Given the high concentration of nutrients (TN > 0.8 mg/L and TP > 0.2 mg/L) in the SDR, other factors such as the WRT may contribute to eutrophication in the reservoir [42,43]. It should be noted that WRT in SDR varied from hundreds to thousands of days during the study period [11]. The increase of WRT in Iran’s reservoirs such as the SDR is mainly due to significant changes in the quality of upstream flow in the planning and operation phases of dams, named as “mirage water” [91]. In this regard, it takes a long time to fill up the SDR because of low inflows. Meanwhile, reservoirs/lakes with the same and even larger storage capacity than that of the SDR have much smaller WRT, i.e., tens to at most a few hundred days [92,93,94,95,96]. The longer the WRT, the more suitable conditions for algal reproduction, colonization and growth in lakes/reservoirs [6,7,97]. In addition, the WRT is positively proportional to water level fluctuations as well as nutrient accumulation in the reservoirs. Therefore, the long WRT in the SDR can contribute to the nutrient accumulation and eutrophic condition in the reservoir. Hence, shortening the WRT constrains algal growth and reproduction in the SDR. The results reported for other lakes/reservoirs around the word also show that although nutrients are significant for eutrophication, the WRT is a more effective factor in controlling the lake/reservoir’s trophic state than the nutrients [98,99,100,101]. It should be noted that no chlorophyll-a data was available to further verify which factor dominantly controlled eutrophication in the SDR. Thus, we suggest further investigation using chlorophyll-a data to undertake this process.

4. Conclusions

Hyper-nutrient enrichment exposes the lakes/reservoirs to eutrophication. This study explored the state of nutrients in the SDR, Iran. Findings highlighted a state of the HNE in the SDR. Nutrient concentrations measured during the sampling periods in the SDR were higher than those reported in other reservoirs around the world. Our observations showed phosphorus was a liming factor in warm months due to the severe decline of inflows to the reservoir from the upstream watershed. During cold months, the co–deficiency of phosphorus and nitrogen was observed in the SDR. Given the HNE state in the reservoir, we investigated other possible controlling factors in the SDR. We found the long WRT in the SDR could act as the main driver of eutrophication. Extensive agriculture developments as the primary nonpoint nutrient source, untreated wastewater inputs and nutrient-rich fish farming effluents contribute to the HNE in SDR. These drivers as well as the long WRT (induced by inappropriate operations undertaken to supply more water) have caused the hypereutrophic state of the reservoir, although it was impounded in 2006. Given time consuming and expensive management practices for reducing nutrients in the watershed, changes in the SDR operation are suggested to somewhat recover its hypereutrophic state in the short-term. However, controlling nutrients from the watershed should be undertaken in the long-term restoration of the SDR since it is the fundamental cause of the hypereutrophic state in the reservoir. Moreover, even if the nutrients are flushed out of the reservoir by modulating WRT, it would still create issues in the downstream receiving waters.
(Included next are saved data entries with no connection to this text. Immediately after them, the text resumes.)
lemma eventually_prob_Linf_le_L2_event:
  fixes \<gamma> \<delta> q :: real
  assumes \<gamma>: "0 < \<gamma>" "\<gamma> < 1" and \<delta>: "0 < \<delta>"
  shows "\<exists>C. \<forall>\<^sub>F \<epsilon> in at_right 0. \<forall>(M::'a measure) (c::nat \<Rightarrow> 'a \<Rightarrow> real).
           prob_space M \<longrightarrow> prob_space.indep_vars M (\<lambda>_. borel) c (Lambda \<gamma> \<epsilon>) \<longrightarrow>
           (\<forall>k\<in>Lambda \<gamma> \<epsilon>. distributed M lborel (c k) std_normal_density) \<longrightarrow>
           1 - C * \<epsilon> powr q \<le> measure M (Linf_le_L2_event M c (Lambda \<gamma> \<epsilon>) (\<epsilon> powr (-\<delta>)))"
proof -
  define a b where "a = alpha_minus \<gamma>" and "b = alpha_plus \<gamma>"
  have ab: "0 < a" "a < b"
    using alpha_minus_pos[OF \<gamma>] alpha_minus_less_alpha_plus[OF \<gamma>(2)] by (simp_all add: a_def b_def)
  define d where "d = b - a"
  define r :: real where "r = (ln 3 - 1) / 2"
  define s where "s = 2 * (sqrt 2 * pi * b\<^sup>2 + 2)"
  define fail where "fail \<epsilon> = exp (- r * (d / \<epsilon> - 1))
    + s * (\<epsilon> powr (-2) * exp (- (\<epsilon> powr (-\<delta>) - 1)\<^sup>2 / 8))" for \<epsilon>
  have "0 < r" using ln_less_cancel_iff[of "exp 1" 3] e_less_272 by (simp add: r_def)
  moreover have "0 < d" using ab by (simp add: d_def)
  moreover have "s \<noteq> 0" unfolding s_def by (simp add: add_nonneg_eq_0_iff)
  ultimately have "fail \<in> O[at_right 0](\<lambda>\<epsilon>. \<epsilon> powr q)"
    unfolding fail_def using \<delta> by (rule exp_neg_inverse_plus_gaussian_bigo_powr)
  then obtain C where "\<forall>\<^sub>F \<epsilon> in at_right 0. norm (fail \<epsilon>) \<le> C * norm (\<epsilon> powr q)"
    by (elim landau_o.bigE)
  moreover have "\<forall>\<^sub>F \<epsilon> in at_right 0. 0 < (\<epsilon>::real)"
    by (rule eventually_at_right_less)
  moreover have "\<forall>\<^sub>F \<epsilon> in at_right 0. \<epsilon> \<le> (1::real)"
    by real_asymp
  moreover have "\<forall>\<^sub>F \<epsilon> in at_right 0. 2 * \<epsilon> \<le> d"
    using \<open>0 < d\<close> by real_asymp
  moreover have "\<forall>\<^sub>F \<epsilon> in at_right 0. 1 < \<epsilon> powr (-\<delta>)"
    using \<delta> by real_asymp
  ultimately have "\<forall>\<^sub>F \<epsilon> in at_right 0. \<forall>(M::'a measure) c.
           prob_space M \<longrightarrow> prob_space.indep_vars M (\<lambda>_. borel) c (Lambda \<gamma> \<epsilon>) \<longrightarrow>
           (\<forall>k\<in>Lambda \<gamma> \<epsilon>. distributed M lborel (c k) std_normal_density) \<longrightarrow>
           1 - C * \<epsilon> powr q \<le> measure M (Linf_le_L2_event M c (Lambda \<gamma> \<epsilon>) (\<epsilon> powr (-\<delta>)))"
  proof eventually_elim
    case (elim \<epsilon>)
    have "1 - fail \<epsilon> \<le> measure M (Linf_le_L2_event M c (Lambda \<gamma> \<epsilon>) (\<epsilon> powr (-\<delta>)))"
      if "prob_space M" "prob_space.indep_vars M (\<lambda>_. borel) c (Lambda \<gamma> \<epsilon>)"
        "\<forall>k\<in>Lambda \<gamma> \<epsilon>. distributed M lborel (c k) std_normal_density" for M :: "'a measure" and c
      using prob_space.prob_Linf_le_L2_event_Lambda[OF that(1) _ _ _ _ _ _ that(2,3)] ab elim
      unfolding fail_def r_def s_def d_def a_def b_def by simp
    moreover have "fail \<epsilon> \<le> C * \<epsilon> powr q" using elim by simp
    ultimately show ?case by (blast intro: order_trans diff_left_mono)
  qed
  then show ?thesis by blast
qed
The findings from this study were based on the nutrient data in the SDR. No chlorophyll-a data, as the main indicator of eutrophication, was available to further verify the results on the trophic state and limiting factors. Thus, we suggest further investigation using chlorophyll-a data to clarify the causes of the alarming trophic state observed in the reservoir.